Pre-game moments can become rituals, too. When I still lived in Bielefeld with a season ticket, we always met up at Siegfriedplatz for a beer or two. Then we walked down the road to the stadium together. Then we took our places on the terraces. Then we partook in the pre-game ceremonies. Just like everybody else. Nothing special. But if we did anything just slightly differently, it felt off. Collective superstition born out of nothing but vibes.
It’s not just what we do, either. It’s what we notice. Human brains love patterns, even when they’re bollocks. Team loses in the special kit? Never wear that kit again. Keeper shaves his beard and lets in four? Ban razors. You see a pattern, you follow it. Hello, new matchday tradition.
Is it irrational? Yes1. Is that bad? No, not necessarily.
Football isn’t logical. That’s why we love it. It’s 90 minutes of hope, heartbreak, chaos and catharsis. The thrill of not knowing. If you want certainty, go read a spreadsheet. Football’s for the romantics, the masochists, the ones who feel things and keep coming back for more.2
But amidst the unpredictability, we want to have the feeling that maybe, just maybe, we can bend time and space.
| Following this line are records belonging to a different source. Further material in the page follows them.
locale C_loop_struct =
  fixes L (structure)
  assumes C_loop: "C_loop L"

sublocale C_loop_struct \<subseteq> loop_struct
  using C_loop unfolding C_loop_def by unfold_locales blast

context C_loop_struct
begin

lemma C_identity:
  "x \<in> carrier L \<Longrightarrow> y \<in> carrier L \<Longrightarrow> z \<in> carrier L \<Longrightarrow>
   x \<otimes> (y \<otimes> (y \<otimes> z)) = ((x \<otimes> y) \<otimes> y) \<otimes> z"
  using C_loop unfolding C_loop_def by blast

lemma left_alternative: "y \<in> carrier L \<Longrightarrow> z \<in> carrier L \<Longrightarrow> y \<otimes> (y \<otimes> z) = (y \<otimes> y) \<otimes> z"
  using C_identity[of \<one> y z] by simp

lemma right_alternative: "x \<in> carrier L \<Longrightarrow> y \<in> carrier L \<Longrightarrow> x \<otimes> (y \<otimes> y) = (x \<otimes> y) \<otimes> y"
  using C_identity[of x y \<one>] by simp

lemma square_middle_nuclear:
  "a \<in> carrier L \<Longrightarrow> y \<in> carrier L \<Longrightarrow> b \<in> carrier L \<Longrightarrow>
   a \<otimes> ((y \<otimes> y) \<otimes> b) = (a \<otimes> (y \<otimes> y)) \<otimes> b"
  using C_identity[of a y b] left_alternative[of y b] right_alternative[of a y] by simp

lemma left_inverse_property:
  assumes z: "z \<in> carrier L" and x: "x \<in> carrier L" and w: "w \<in> carrier L" and "z \<otimes> x = \<one>"
  shows "z \<otimes> (x \<otimes> w) = w"
proof -
  obtain c where c: "c \<in> carrier L" "x \<otimes> c = w" using l_div_ex x w by blast
  have "z \<otimes> (x \<otimes> w) = ((z \<otimes> x) \<otimes> x) \<otimes> c" using C_identity[OF z x c(1)] c(2) by simp
  then show ?thesis using \<open>z \<otimes> x = \<one>\<close> x c by simp
qed

end

locale comm_C_loop_struct = C_loop_struct +
  assumes commutative_loop: "commutative_loop L"
begin

lemma m_comm: "x \<in> carrier L \<Longrightarrow> y \<in> carrier L \<Longrightarrow> x \<otimes> y = y \<otimes> x"
  using commutative_loop by (simp add: commutative_loop_def)

lemma inverse_ex:
  assumes "x \<in> carrier L"
  obtains x' where "x' \<in> carrier L" "x \<otimes> x' = \<one>" "x' \<otimes> x = \<one>"
proof -
  obtain x' where x': "x' \<in> carrier L" "x \<otimes> x' = \<one>" using l_div_ex[OF assms one_closed] by blast
  then have "x' \<otimes> x = \<one>" using m_comm[OF x'(1) assms] by simp
  with x' that show thesis by blast
qed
The illusion of it, at least. A tiny moment where we believe our presence, our ritual, our mug, might somehow shift the odds. That maybe, just maybe, we can do something to help that ball over the line.
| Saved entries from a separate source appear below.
lemma centre_mem:
  assumes "j \<in> {1..s}" "x \<in> A j"
  shows "centre x \<in> A j"
  unfolding centre_def
  using assms subalgebra_closed subalgebra_diff by metis

lemma tau_prod_list_centred_alternating:
  assumes "centred_alternating \<tau> A s js xs" "1 \<le> length xs"
  shows "\<tau> (prod_list xs) = 0"
  using free assms unfolding free_wrt_def by blast

lemma free_tau_mult_eq_0:
  assumes "i \<in> {1..s}" "j \<in> {1..s}" "i \<noteq> j" "x \<in> A i" "y \<in> A j" "\<tau> y = 0"
  shows "\<tau> (x * y) = 0"
proof -
  have "centred_alternating \<tau> A s [i, j] [centre x, y]"
    using assms centre_mem tau_centre by (simp add: centred_alternating_iff)
  then have "\<tau> (centre x * y) = 0"
    using tau_prod_list_centred_alternating by fastforce
  then show ?thesis
    using assms(6) by (simp add: tau_centre_mult)
qed

lemma free_tau_mult3_eq_0:
  assumes "i \<in> {1..s}" "j \<in> {1..s}" "k \<in> {1..s}" "i \<noteq> k"
    and "x \<in> A i" "y \<in> A j" "z \<in> A k" "\<tau> x = 0" "\<tau> y = 0" "\<tau> z = 0"
  shows "\<tau> (x * y * z) = 0"
proof -
  consider "j = i" | "j = k" | "j \<noteq> i" "j \<noteq> k" by blast
  then show ?thesis
  proof cases
    case 1
    then show ?thesis
      using assms free_tau_mult_eq_0[of i k "x * y" z] subalgebra_closed(2) by auto
  next
    case 2
    then have "\<tau> (y * z * x) = 0"
      using assms free_tau_mult_eq_0[of k i "y * z" x] subalgebra_closed(2) by auto
    then show ?thesis
      by (metis tau_commute mult.assoc)
  next
    case 3
    then have "centred_alternating \<tau> A s [i, j, k] [x, y, z]"
      using assms by (simp add: centred_alternating_iff)
    then show ?thesis
      using tau_prod_list_centred_alternating by (fastforce simp: mult.assoc)
  qed
qed

lemma tau_mult_transpose_eq_0:
  assumes "centred_alternating \<tau> A s js xs" "i < length xs" "l < length xs" "js ! i \<noteq> js ! l"
  shows "\<tau> (xs ! i * t (xs ! l)) = 0"
  using assms free_tau_mult_eq_0 subalgebra_closed(5) tau_transpose centred_alternating_nthD
  by metis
It makes more sense if you think about football culture as a pseudo-religious concept. Faith against all odds. A belief system rooted in hope, conviction, and tribalism. Centered around weekly rituals. Superstition at its core.
There’s no football without superstition. And there’s nothing wrong about it. Harmless fun, mostly. For fans, it’s pure copium. For players, it might be a placebo.
Of course, even placebos fail.
Two years ago, Bielefeld were in the relegation zone of the 2. Bundesliga. The team was in shambles. The coach out of ideas.
In desperation, the club’s Feng Shui shaman apparently tried a few tricks: Rumor has it there was a chakra sculpture in the locker room, buckets of water lined up by the pitch, a big red button everyone had to press before kick-off.
We went down anyway.
We listen and we don’t judge. All’s fair in love and Abstiegskampf.
The sculpture’s probably in storage now. The buckets gone.
But every new player brings a new ritual. Every new manager, a new belief system. Every fan, a new little superstition, a pre-game ritual passed on from parent to child, from fan to their community.
Because that’s the beauty of it: it doesn’t have to work every time.
It just has to work once.
And no. Superstition aside, rituals have a well-documented function. For example, for neurodivergent people like myself, rituals and routine are important wellbeing tools, and this is true for many neurotypical folk as well.
I believe this is one of the reasons many of us hate VAR. It takes all of that out of the equation.
Absolutely! Same here. Mine is that I can't eat anything at half time. A drink is ok but nothing more for fear of a dreadful second half performance.